In preparing advertising for a certain trade school, I once asked the school administrator if her students really excelled after completing her course of study. She said that some students graduate, then fade into oblivion. Other students, once exposed to the information, exploded with confidence and enthusiasm, found ways to be better and accomplished significant things. In other words, the school introduces the student to knowledge but it is up to the student to do something with that introduction. You've heard the old riddle, "What do they call the guy who graduated last in his class in medical school? DOCTOR!"

Yes, there is a difference in schools. Some teach better than others. Some demand more of their students than do others. But the mere fact that a person attended a certain school means nothing to me. Why even list it? We need a better yardstick... how did that student perform in school? What did the student accomplish after graduation?

Years later my son was teaching at Cornell - high above Cayuga's waters. He spent most of his time in his office with students who were begging for a higher grade.

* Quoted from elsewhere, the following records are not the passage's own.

(* Let $r\geq q\geq p\geq2$ and $s\geq-\frac{2\alpha}{q}+\frac12-\frac1p$, where $\alpha>0$. For $f\in\mathcal H^s(\mathbb T^3)$, the free evolution $B_{f^\omega}=e^{-t(-\Delta)^\alpha}f^\omega$ satisfies $$\|B_{f^\omega}\|_{L^r_\omega L^q_tL^p_x}\lesssim\sqrt r\,\|f\|_{\mathcal H^s_x},$$ with implicit constant independent of $r$ and $f$.
   Context: $\mathcal H^s(\mathbb T^3)$ has norm $\|f\|_{\mathcal H^s}^2=\sum_{k\in\mathbb Z^3}(1+|k|^2)^s|a_k|^2$ where $f=\sum_ka_ke^{ik\cdot x}$, $a_k\in\mathbb C^3$. $(\Omega,\mathcal A,P)$ is a probability space and $(l_k(\omega))_{k\in\mathbb Z^3}$ are real-valued, zero-mean, independent random variables with distributions $\mu_k$ satisfying $\left|\int_{\mathbb R}e^{\gamma x}d\mu_k(x)\right|\le e^{c\gamma^2}$ for all $\gamma\in\mathbb R$, all $k$, for some $c>0$. The randomization is $f^\omega=\sum_kl_k(\omega)a_ke^{ik\cdot x}$ (componentwise) and $e^{-t(-\Delta)^\alpha}f^\omega=\sum_ke^{-t|k|^{2\alpha}}l_k(\omega)a_ke^{ik\cdot x}$. The norm $\|F\|_{L^r_\omega L^q_tL^p_x}=\big(\mathbb E\,\|F\|_{L^q(0,T;L^p(\mathbb T^3))}^r\big)^{1/r}$ for a time interval $(0,T)$. *)

theory Defs
  imports "HOL-Analysis.Analysis" "HOL-Probability.Probability"
begin

text \<open>Real power on extended nonnegative reals (for positive exponent): infinity stays infinity.\<close>
definition epowr :: "ennreal \<Rightarrow> real \<Rightarrow> ennreal" where
  "epowr y e = (if y = \<infinity> then \<infinity> else ennreal (enn2real y powr e))"

definition knorm2 :: "int^3 \<Rightarrow> real" where
  "knorm2 k = (\<Sum>i\<in>UNIV. (real_of_int (k$i))^2)"

definition kdot :: "int^3 \<Rightarrow> real^3 \<Rightarrow> real" where
  "kdot k x = (\<Sum>i\<in>UNIV. real_of_int (k$i) * x$i)"

text \<open>Fundamental domain of the torus T^3 = [0,2 pi]^3.\<close>
definition torus :: "(real^3) set" where
  "torus = {x. \<forall>i. 0 \<le> x$i \<and> x$i \<le> 2*pi}"

text \<open>f = sum_k a_k e^{ik.x} belongs to H^s.\<close>
definition in_Hs :: "real \<Rightarrow> (int^3 \<Rightarrow> complex^3) \<Rightarrow> bool" where
  "in_Hs s a \<longleftrightarrow> (\<lambda>k. (1 + knorm2 k) powr s * (norm (a k))^2) summable_on UNIV"

definition Hs_norm :: "real \<Rightarrow> (int^3 \<Rightarrow> complex^3) \<Rightarrow> real" where
  "Hs_norm s a = sqrt (\<Sum>\<^sub>\<infinity>k. (1 + knorm2 k) powr s * (norm (a k))^2)"

text \<open>Randomized free evolution e^{-t(-Delta)^alpha} f^omega evaluated at (omega,t,x).\<close>
definition free_evol :: "real \<Rightarrow> (int^3 \<Rightarrow> 'w \<Rightarrow> real) \<Rightarrow> (int^3 \<Rightarrow> complex^3)
    \<Rightarrow> 'w \<Rightarrow> real \<Rightarrow> real^3 \<Rightarrow> complex^3" where
  "free_evol \<alpha> l a \<omega> t x =
     (\<Sum>\<^sub>\<infinity>k. (complex_of_real (exp (- t * (knorm2 k) powr \<alpha>) * l k \<omega>)
              * cis (kdot k x)) *s a k)"

text \<open>Mixed norm ||F||_{L^r_omega L^q_t L^p_x} on (0,T) x T^3.\<close>
definition mixed_norm :: "'w measure \<Rightarrow> real \<Rightarrow> real \<Rightarrow> real \<Rightarrow> real
    \<Rightarrow> ('w \<Rightarrow> real \<Rightarrow> real^3 \<Rightarrow> complex^3) \<Rightarrow> ennreal" where
  "mixed_norm M r q p T F =
     epowr (\<integral>\<^sup>+\<omega>. epowr (\<integral>\<^sup>+t\<in>{0<..<T}.
                epowr (\<integral>\<^sup>+x\<in>torus. ennreal (norm (F \<omega> t x) powr p) \<partial>lborel) (q/p)
              \<partial>lborel) (r/q) \<partial>M) (1/r)"

end

theory Submission
  imports Defs
begin

text \<open>For fixed \<open>(t, x)\<close> the randomised evolution is a sub-Gaussian series in the Fourier modes,
  so by a Khintchine-type bound its \<open>r\<close>-th moment is at most \<open>(C sqrt r) ^ r\<close> times the power
  \<open>r/2\<close> of the energy \<open>\<Sum>\<^sub>k exp (- 2 t |k|\<^bsup>2\<alpha>\<^esup>) |a\<^sub>k|\<^sup>2\<close>; the free evolution itself is reached
  from the partial sums by Fatou's lemma.  Since \<open>p \<le> q \<le> r\<close>, a Minkowski-type exchange of
  integrations lets the expectation be taken innermost.  The torus has finite measure, and
  the time integral of the energy to the power \<open>q/2\<close> is bounded by the \<open>H\<^sup>s\<close> norm: Jensen's
  inequality in \<open>k\<close> reduces it to single modes, whose decay \<open>exp (- q t |k|\<^bsup>2\<alpha>\<^esup>)\<close> integrates
  to at most \<open>|k|\<^bsup>-2\<alpha>\<^esup>/q\<close> and so absorbs the weight \<open>(1 + |k|\<^sup>2)\<^bsup>-sq/2\<^esup>\<close> when \<open>s \<ge> -2\<alpha>/q\<close>.\<close>

lemma epowr_ennreal: "0 \<le> y \<Longrightarrow> epowr (ennreal y) e = ennreal (y powr e)"
  by (simp add: epowr_def)

lemma epowr_top [simp]: "epowr \<top> e = \<top>"
  by (simp add: epowr_def)

lemma epowr_zero [simp]: "epowr 0 e = 0"
  by (simp add: epowr_def)

lemma epowr_one [simp]: "epowr y 1 = y"
  by (cases y) (auto simp: epowr_def)

lemma epowr_mono:
  assumes "x \<le> y" "e > 0"
  shows "epowr x e \<le> epowr y e"
proof (cases y)
  case (real b)
  with assms obtain a where "x = ennreal a" "a \<ge> 0"
    by (metis ennreal_cases ennreal_less_top linorder_not_le top.extremum_unique)
  with real assms show ?thesis
    by (auto simp: epowr_def ennreal_le_iff2 intro!: ennreal_leI powr_mono2)
qed simp

lemma epowr_mult:
  assumes "e > 0"
  shows "epowr (x * y) e = epowr x e * epowr y e"
proof (cases x; cases y)
  fix a b assume "x = ennreal a" "0 \<le> a" "y = ennreal b" "0 \<le> b"
  then show ?thesis by (simp add: epowr_ennreal powr_mult flip: ennreal_mult)
next
  fix a assume "x = ennreal a" "0 \<le> a" "y = \<top>"
  with assms show ?thesis by (cases "a = 0") (auto simp: epowr_ennreal ennreal_mult_top)
next
  fix b assume "x = \<top>" "y = ennreal b" "0 \<le> b"
  with assms show ?thesis by (cases "b = 0") (auto simp: epowr_ennreal ennreal_top_mult)
qed simp
(* Let $\ell\ge1$, $N=2^\ell$, let ${\mathbf x}_0,\dots,{\mathbf x}_{\omega-1}\in\mathbb{F}_2^\ell$ be distinct, and let $D=P_{{\mathbf x}_0}+\cdots+P_{{\mathbf x}_{\omega-1}}$ (the dyadic matrix whose signature has support $\{{\mathbf x}_0,\dots,{\mathbf x}_{\omega-1}\}$). Let $R$ be the number of ordered pairs $\big((u,v),(u',v')\big)$ with $u,v,u',v'\in\{0,\dots,\omega-1\}$, $u\ne v$, $u'\ne v'$, $u\ne u'$, $v\ne v'$ and ${\mathbf x}_u+{\mathbf x}_v={\mathbf x}_{u'}+{\mathbf x}_{v'}$; write $R=R^{c}+R^{nc}$, where $R^{c}$ counts those pairs with $u=v'$ and $v=u'$, and $R^{nc}$ the remaining ones. Then the number of $4$-cycles in the Tanner graph of $D$ is $$\mathcal{N}_4=\frac{2^\ell}{4}\left(R^{c}+R^{nc}\right).$$ In particular, if $\omega\ge2$ the Tanner graph of $D$ has girth $4$.
   Context: Rows and columns of $N\times N$ binary matrices are indexed by $\mathbb{F}_2^\ell$ via ${\mathbf x}=(x_1,\dots,x_\ell)\leftrightarrow 1+\sum_i x_i2^{i-1}$. For ${\mathbf a}\in\mathbb{F}_2^\ell$, $P_{\mathbf a}$ is the $N\times N$ binary matrix with $(P_{\mathbf a})_{{\mathbf x},{\mathbf y}}=1$ iff ${\mathbf y}={\mathbf x}+{\mathbf a}$ (the dyadic permutation matrix with signature the indicator vector of ${\mathbf a}$). The Tanner graph of a binary matrix $H$ is the bipartite graph with one check node per row, one variable node per column, and an edge between row $r$ and column $c$ iff $H_{r,c}=1$. A $k$-cycle is a closed walk with $k$ edges and distinct vertices and edges; the girth is the length of a shortest cycle. *)

theory Defs
  imports Main "HOL-Library.Extended_Nat"
begin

He said a student would make 60% on a test, then argue endlessly for a better grade.

Maybe that sorry student is today holding some very important position in government, and proudly proclaims that he graduated from Cornell! He is still a 60% student.

Friday, May 14, 2010

Time to opine!

I have to vent. After a year of outrageous actions on the part of our federal government, one more outrage should not cause your head to explode. However, the piling of the Obama Administration's reaction to the new Arizona immigration law on top of all previous outrages, does the trick.

Barack Obama warns that if you take your child out for ice cream a police officer may demand to see "your papers".

Eric Holder, America's top lawyer, is concerned that the Arizona law will lead to racial profiling and announces that the government is considering filing a lawsuit against the state of Arizona.

Then, under oath in a Congressional hearing, Holder admits he has not read the Arizona law! (Members of Congress were handed a Health Care Bill of over 2,000 pages and expected to read and understand it in 24 hours.)

Doesn't everyone understand that neither Holder nor Obama have read the Arizona law, because neither man gives a damn about the content of the Arizona law? They only want to keep agitating the subject to help assure that the vast majority of Hispanics will vote for Democrats.

Tuesday, May 11, 2010

Big Girls Don't Cry...

Well, sometime they do, along with big boys. The truth is, some people, boys and girls, big and small, old and young, easily cry. Some do not.

If you easily cry, it is totally beyond your control. You hear a patriotic song; you spot a disabled veteran; you watch a wedding as people make vows they, and you, hope will hold a lifetime; the accomplishment of a child; a random act of kindness... your eyes suddenly burn and tears well. You dare not speak, knowing a choke, a sob, or some other involuntary sound will come from your throat and reveal your emotional overload. They will wonder.

Elvis Presley once recorded a song titled "I Was The One". He sang, the sight of her tears drives you out of your mind. As a matter of fact, the sight of tears drives a lot of people out of their mind, and not in an empathetic way. People who do not cry look at people who do cry as weak, or worse. At best, they turn their eyes away. Sometimes they make a remark that hurts.

A senior friend once admitted that he cried at the drop of a hat. That made me think that crying easily was just another unpleasant side effect of aging. As though, by the time you are old, your nerves have been rubbed so raw, your emotions easily erupt in tears. Then, I see younger people cry... at times when they should not!

So, it remains that some big girls, and others, do cry, whether they like it or not. I've noticed that if a person has a visible disability, like a limp, people sympathize. If the disability is not so visible, as in the case of mental disability, people just dismiss you as stupid. Crying, involuntarily, is visible. But don't expect sympathy.